— Work item —
Every line with "thesis" in it should be copied from the data.

(Collected data entries)
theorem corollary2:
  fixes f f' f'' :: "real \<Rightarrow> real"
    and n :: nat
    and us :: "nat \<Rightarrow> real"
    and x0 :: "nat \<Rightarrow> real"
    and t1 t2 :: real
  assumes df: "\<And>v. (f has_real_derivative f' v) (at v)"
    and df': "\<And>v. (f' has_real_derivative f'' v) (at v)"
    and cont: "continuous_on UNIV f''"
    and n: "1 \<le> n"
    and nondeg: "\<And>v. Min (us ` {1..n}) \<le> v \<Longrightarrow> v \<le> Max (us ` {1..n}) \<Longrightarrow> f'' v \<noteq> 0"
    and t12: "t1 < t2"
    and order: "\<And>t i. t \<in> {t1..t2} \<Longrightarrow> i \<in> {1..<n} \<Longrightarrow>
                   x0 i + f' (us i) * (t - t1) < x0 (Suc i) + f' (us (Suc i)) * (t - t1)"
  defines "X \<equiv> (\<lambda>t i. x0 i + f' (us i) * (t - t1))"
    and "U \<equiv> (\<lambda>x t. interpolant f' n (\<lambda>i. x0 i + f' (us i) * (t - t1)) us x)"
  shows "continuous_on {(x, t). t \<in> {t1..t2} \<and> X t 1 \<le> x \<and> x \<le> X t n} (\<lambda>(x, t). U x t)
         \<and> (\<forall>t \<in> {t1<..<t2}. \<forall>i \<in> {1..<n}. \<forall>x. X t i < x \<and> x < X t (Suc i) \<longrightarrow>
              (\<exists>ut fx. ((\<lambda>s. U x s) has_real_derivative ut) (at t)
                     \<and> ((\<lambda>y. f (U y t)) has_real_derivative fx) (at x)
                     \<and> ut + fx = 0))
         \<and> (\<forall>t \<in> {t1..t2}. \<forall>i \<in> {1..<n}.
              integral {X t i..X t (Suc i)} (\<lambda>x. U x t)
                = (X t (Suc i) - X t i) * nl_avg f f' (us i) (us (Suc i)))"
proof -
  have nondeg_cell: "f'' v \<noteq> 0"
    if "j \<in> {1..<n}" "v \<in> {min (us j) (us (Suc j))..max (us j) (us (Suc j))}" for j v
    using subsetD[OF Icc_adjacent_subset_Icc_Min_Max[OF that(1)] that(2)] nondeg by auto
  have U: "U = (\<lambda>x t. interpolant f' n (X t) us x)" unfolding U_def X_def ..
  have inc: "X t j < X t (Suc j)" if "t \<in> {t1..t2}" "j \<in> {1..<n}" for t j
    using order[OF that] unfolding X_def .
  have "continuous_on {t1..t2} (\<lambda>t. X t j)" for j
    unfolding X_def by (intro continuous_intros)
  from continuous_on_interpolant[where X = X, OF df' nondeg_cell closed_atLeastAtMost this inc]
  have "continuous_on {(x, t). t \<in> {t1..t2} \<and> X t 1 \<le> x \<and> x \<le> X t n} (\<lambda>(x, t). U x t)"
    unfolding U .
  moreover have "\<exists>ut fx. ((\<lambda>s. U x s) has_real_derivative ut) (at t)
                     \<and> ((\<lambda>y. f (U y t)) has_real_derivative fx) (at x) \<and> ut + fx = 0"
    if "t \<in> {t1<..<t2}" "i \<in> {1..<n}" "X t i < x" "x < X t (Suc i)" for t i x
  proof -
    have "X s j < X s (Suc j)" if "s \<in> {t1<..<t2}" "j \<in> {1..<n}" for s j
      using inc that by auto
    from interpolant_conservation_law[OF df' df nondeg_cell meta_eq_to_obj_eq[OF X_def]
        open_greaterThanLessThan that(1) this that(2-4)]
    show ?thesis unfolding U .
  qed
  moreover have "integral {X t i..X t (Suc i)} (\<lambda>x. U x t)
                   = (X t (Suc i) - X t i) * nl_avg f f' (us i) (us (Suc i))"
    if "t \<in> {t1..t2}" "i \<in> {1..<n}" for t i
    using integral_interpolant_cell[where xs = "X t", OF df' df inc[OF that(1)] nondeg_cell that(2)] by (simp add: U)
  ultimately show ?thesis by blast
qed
---
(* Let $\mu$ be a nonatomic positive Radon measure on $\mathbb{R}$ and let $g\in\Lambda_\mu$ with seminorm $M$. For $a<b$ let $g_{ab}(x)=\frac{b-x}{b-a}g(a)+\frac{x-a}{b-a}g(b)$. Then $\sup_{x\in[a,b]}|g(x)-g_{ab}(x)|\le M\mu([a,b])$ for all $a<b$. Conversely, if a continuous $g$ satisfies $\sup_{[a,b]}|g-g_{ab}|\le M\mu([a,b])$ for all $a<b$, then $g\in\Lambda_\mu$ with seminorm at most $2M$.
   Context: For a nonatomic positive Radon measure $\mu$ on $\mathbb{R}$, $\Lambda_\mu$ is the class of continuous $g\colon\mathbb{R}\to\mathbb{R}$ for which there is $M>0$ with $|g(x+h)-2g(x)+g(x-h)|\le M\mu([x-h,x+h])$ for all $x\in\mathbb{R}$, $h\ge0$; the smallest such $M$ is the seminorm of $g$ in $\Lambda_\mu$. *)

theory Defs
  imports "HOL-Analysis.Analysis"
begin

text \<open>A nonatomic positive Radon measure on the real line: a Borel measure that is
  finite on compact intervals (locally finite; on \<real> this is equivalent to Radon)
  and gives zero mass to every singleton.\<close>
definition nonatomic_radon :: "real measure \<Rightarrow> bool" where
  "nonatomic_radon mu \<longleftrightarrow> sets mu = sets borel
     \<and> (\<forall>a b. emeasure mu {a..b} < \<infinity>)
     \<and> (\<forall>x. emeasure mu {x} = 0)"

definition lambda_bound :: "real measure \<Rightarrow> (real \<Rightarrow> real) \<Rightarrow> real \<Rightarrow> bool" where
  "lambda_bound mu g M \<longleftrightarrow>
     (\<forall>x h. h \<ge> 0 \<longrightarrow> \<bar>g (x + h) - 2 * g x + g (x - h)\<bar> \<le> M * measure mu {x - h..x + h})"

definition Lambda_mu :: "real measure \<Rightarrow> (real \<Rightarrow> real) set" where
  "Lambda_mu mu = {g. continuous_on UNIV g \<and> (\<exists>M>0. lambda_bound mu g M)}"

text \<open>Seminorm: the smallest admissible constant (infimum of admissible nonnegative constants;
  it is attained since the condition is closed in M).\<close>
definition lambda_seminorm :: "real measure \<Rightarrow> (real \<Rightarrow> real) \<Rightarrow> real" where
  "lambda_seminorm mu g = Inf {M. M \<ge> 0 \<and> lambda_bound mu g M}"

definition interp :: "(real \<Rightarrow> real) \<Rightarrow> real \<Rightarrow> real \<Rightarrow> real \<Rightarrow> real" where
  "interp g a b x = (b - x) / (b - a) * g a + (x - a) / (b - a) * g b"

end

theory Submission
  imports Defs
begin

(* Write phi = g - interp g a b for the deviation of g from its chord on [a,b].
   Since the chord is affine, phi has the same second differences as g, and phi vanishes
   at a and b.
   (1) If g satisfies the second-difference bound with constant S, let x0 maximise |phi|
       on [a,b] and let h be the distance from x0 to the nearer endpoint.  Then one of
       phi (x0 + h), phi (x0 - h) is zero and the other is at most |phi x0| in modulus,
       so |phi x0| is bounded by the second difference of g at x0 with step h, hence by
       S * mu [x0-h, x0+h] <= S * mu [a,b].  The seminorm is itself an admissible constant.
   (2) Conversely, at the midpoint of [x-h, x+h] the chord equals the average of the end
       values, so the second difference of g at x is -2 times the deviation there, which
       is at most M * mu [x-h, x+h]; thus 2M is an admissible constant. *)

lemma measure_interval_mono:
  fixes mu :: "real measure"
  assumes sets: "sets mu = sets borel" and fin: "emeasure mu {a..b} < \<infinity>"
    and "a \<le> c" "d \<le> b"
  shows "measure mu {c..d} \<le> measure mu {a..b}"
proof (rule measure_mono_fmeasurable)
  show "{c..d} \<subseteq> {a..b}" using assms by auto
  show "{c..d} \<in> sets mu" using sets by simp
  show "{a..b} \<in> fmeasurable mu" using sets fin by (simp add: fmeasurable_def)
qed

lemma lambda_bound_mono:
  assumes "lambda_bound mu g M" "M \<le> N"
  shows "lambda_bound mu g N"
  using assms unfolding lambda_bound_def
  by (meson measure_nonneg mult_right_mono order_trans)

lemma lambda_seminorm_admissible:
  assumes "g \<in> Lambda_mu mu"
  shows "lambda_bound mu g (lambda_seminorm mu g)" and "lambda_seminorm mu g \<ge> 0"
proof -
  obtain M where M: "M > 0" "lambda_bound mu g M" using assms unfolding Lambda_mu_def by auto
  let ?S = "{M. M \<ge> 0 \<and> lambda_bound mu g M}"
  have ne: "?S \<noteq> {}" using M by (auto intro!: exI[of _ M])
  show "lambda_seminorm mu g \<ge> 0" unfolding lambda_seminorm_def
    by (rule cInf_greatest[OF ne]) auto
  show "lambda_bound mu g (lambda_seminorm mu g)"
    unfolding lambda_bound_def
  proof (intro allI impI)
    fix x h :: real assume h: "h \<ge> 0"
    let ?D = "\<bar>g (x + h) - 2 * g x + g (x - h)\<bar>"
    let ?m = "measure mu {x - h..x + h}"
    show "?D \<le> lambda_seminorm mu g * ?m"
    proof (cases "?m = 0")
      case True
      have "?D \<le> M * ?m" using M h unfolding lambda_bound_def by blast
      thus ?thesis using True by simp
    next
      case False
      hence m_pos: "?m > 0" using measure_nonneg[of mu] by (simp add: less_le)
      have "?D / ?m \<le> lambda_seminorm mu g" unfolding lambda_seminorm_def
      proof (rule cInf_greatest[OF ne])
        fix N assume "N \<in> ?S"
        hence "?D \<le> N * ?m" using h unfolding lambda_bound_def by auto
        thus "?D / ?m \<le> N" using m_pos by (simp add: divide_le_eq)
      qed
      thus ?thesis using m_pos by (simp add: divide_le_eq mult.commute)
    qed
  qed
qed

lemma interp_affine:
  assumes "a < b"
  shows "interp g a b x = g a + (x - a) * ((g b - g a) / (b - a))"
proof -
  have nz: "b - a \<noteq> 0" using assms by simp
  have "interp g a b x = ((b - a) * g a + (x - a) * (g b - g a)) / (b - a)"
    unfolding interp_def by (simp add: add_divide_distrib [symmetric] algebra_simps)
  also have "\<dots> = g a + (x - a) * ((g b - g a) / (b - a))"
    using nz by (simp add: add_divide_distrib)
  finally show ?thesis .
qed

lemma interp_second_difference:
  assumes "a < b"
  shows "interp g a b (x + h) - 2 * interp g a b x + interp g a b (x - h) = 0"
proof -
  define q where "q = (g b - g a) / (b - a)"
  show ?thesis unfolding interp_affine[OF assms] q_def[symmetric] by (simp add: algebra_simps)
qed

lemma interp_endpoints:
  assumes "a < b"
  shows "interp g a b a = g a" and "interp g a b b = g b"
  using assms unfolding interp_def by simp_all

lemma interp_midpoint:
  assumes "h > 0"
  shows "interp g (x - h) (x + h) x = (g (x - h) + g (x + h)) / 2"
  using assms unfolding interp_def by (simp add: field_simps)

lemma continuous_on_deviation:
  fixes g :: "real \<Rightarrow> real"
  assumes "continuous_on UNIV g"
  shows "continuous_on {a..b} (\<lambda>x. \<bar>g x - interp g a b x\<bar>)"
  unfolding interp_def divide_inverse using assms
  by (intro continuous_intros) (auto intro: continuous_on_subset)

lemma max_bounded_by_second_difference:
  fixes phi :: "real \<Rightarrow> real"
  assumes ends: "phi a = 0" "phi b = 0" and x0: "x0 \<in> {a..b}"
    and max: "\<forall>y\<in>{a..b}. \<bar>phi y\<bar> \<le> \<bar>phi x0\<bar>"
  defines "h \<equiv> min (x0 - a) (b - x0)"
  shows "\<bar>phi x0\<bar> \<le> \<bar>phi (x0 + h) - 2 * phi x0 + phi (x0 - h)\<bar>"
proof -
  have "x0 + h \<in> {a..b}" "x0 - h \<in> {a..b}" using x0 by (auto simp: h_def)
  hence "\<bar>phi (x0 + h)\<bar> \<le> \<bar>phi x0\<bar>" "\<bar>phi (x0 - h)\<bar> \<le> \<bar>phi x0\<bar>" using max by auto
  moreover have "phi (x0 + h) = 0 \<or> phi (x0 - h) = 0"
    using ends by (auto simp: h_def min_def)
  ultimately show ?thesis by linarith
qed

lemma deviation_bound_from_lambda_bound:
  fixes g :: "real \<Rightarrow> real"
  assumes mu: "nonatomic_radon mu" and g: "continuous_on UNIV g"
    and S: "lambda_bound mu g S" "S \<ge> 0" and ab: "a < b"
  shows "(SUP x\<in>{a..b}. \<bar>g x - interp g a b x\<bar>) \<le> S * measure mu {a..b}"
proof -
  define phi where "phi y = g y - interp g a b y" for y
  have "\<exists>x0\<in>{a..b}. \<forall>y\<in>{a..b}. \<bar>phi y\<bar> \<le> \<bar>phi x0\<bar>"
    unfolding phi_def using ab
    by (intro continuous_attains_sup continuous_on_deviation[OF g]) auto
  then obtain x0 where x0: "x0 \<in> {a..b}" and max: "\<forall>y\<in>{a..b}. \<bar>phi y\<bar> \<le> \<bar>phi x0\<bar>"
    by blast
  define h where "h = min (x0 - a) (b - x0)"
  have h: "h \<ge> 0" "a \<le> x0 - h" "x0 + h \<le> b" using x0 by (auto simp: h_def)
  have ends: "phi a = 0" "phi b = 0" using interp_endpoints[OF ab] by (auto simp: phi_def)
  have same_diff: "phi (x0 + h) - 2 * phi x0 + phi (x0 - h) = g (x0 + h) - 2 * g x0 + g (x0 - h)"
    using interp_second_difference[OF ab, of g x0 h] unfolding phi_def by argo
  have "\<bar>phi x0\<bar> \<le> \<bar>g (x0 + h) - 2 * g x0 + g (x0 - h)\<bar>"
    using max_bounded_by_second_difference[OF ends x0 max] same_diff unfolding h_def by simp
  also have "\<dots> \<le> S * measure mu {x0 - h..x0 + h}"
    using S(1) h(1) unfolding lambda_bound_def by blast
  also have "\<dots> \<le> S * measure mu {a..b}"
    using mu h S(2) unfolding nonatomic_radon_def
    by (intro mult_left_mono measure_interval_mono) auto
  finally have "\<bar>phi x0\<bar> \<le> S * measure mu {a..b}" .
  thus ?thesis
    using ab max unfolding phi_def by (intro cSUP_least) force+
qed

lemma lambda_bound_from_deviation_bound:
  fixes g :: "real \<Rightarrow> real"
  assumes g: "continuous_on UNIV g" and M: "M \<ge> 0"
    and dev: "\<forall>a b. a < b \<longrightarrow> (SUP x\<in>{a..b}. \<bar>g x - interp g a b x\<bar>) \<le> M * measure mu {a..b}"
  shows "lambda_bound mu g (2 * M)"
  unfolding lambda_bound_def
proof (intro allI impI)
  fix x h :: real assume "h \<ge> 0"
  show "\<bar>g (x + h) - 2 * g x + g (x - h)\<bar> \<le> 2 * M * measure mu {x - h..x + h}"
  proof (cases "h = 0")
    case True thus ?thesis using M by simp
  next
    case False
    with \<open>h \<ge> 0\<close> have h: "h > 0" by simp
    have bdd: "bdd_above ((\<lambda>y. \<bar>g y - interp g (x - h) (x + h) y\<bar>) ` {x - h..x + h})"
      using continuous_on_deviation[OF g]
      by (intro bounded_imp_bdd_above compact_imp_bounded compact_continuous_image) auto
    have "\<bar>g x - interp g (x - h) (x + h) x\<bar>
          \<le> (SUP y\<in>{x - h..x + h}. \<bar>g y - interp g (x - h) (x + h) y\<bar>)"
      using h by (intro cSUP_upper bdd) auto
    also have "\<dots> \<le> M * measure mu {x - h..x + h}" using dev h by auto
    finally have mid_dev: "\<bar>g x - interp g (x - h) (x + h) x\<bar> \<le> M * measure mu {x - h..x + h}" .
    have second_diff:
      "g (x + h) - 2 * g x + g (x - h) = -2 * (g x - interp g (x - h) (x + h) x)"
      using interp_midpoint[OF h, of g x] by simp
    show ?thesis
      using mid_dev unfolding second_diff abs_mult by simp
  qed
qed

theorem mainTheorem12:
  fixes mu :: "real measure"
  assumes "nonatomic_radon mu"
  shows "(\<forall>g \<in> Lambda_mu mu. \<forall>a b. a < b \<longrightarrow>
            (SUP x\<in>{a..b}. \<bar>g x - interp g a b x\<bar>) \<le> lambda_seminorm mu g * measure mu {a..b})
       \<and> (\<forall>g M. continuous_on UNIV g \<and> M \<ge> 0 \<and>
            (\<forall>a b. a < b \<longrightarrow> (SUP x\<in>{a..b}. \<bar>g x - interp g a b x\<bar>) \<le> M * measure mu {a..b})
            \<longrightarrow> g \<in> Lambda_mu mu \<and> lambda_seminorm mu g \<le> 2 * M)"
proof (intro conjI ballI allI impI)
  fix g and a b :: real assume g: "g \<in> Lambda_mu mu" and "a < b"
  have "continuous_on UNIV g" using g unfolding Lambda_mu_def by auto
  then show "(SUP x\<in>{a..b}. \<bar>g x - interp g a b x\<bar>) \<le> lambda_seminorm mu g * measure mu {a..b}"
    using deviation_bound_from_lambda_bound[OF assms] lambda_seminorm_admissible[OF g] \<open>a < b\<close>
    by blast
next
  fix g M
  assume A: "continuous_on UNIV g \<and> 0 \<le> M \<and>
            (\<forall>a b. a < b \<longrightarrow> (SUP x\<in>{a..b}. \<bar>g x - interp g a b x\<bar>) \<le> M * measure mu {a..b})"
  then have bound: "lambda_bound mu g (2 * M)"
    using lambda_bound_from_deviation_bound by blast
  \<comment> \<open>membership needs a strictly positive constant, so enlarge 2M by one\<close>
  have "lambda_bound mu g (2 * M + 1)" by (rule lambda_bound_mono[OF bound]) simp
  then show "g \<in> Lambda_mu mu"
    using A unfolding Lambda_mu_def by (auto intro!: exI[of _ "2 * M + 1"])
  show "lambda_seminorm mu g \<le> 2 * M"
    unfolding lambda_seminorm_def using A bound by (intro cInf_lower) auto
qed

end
* * *
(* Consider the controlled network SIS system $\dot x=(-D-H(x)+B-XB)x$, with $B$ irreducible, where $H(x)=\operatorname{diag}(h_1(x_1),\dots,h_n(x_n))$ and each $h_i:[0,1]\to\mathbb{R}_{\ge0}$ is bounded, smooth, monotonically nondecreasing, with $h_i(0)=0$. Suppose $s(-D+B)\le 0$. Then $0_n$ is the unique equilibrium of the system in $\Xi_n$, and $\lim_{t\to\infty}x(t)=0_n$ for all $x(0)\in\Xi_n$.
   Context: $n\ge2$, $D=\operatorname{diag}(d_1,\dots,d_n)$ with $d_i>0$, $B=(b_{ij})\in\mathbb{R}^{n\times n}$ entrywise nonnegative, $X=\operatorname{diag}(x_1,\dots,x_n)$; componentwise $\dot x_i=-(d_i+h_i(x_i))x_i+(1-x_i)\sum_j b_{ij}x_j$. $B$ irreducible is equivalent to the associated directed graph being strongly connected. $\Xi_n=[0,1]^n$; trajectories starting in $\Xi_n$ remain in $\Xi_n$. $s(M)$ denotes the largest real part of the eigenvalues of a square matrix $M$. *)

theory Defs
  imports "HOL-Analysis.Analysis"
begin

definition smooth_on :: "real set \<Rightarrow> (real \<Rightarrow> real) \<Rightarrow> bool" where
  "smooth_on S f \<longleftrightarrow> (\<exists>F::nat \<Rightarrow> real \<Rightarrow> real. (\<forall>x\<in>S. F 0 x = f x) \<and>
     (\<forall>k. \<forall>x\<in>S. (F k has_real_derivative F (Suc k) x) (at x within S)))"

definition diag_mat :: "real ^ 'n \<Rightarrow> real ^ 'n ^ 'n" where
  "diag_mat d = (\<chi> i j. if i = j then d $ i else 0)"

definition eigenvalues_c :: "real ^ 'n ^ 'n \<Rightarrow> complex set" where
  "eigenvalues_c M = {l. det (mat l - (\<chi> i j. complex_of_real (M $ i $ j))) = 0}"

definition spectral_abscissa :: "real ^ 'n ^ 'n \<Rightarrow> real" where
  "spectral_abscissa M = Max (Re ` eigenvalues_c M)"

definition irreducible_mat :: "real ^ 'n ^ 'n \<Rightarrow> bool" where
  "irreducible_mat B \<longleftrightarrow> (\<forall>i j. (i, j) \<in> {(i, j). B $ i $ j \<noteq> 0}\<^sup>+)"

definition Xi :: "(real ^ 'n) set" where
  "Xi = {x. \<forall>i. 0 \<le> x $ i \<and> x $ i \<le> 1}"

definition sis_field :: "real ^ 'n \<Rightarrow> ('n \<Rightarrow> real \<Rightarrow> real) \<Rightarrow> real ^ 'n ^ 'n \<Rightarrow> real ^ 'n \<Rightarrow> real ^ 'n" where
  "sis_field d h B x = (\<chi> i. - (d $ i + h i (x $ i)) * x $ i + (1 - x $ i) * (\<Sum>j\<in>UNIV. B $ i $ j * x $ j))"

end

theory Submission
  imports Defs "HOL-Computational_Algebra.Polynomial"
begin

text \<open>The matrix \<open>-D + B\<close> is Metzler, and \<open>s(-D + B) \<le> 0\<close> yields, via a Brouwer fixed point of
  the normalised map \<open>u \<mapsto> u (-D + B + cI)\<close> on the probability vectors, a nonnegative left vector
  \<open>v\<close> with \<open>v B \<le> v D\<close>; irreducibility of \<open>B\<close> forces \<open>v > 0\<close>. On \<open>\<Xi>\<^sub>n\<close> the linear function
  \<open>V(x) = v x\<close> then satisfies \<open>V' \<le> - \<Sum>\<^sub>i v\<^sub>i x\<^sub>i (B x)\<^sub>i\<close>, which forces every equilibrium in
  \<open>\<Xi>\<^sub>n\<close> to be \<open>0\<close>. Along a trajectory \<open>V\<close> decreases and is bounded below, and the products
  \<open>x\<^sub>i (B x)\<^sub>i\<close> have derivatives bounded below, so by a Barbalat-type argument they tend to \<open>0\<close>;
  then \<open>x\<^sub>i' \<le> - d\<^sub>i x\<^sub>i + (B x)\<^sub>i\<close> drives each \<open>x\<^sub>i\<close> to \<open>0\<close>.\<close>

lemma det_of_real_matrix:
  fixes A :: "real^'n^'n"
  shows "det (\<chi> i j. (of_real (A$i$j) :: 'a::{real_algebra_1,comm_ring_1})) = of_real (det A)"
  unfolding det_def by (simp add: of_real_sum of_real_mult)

— Worked solution —
    show ?thesis unfolding U .
  ultimately show ?thesis by blast
      thus ?thesis using True by simp
      thus ?thesis using m_pos by (simp add: divide_le_eq mult.commute)
  finally show ?thesis .
  show ?thesis unfolding interp_affine[OF assms] q_def[symmetric] by (simp add: algebra_simps)
  ultimately show ?thesis by linarith
  thus ?thesis
    case True thus ?thesis using M by simp
    show ?thesis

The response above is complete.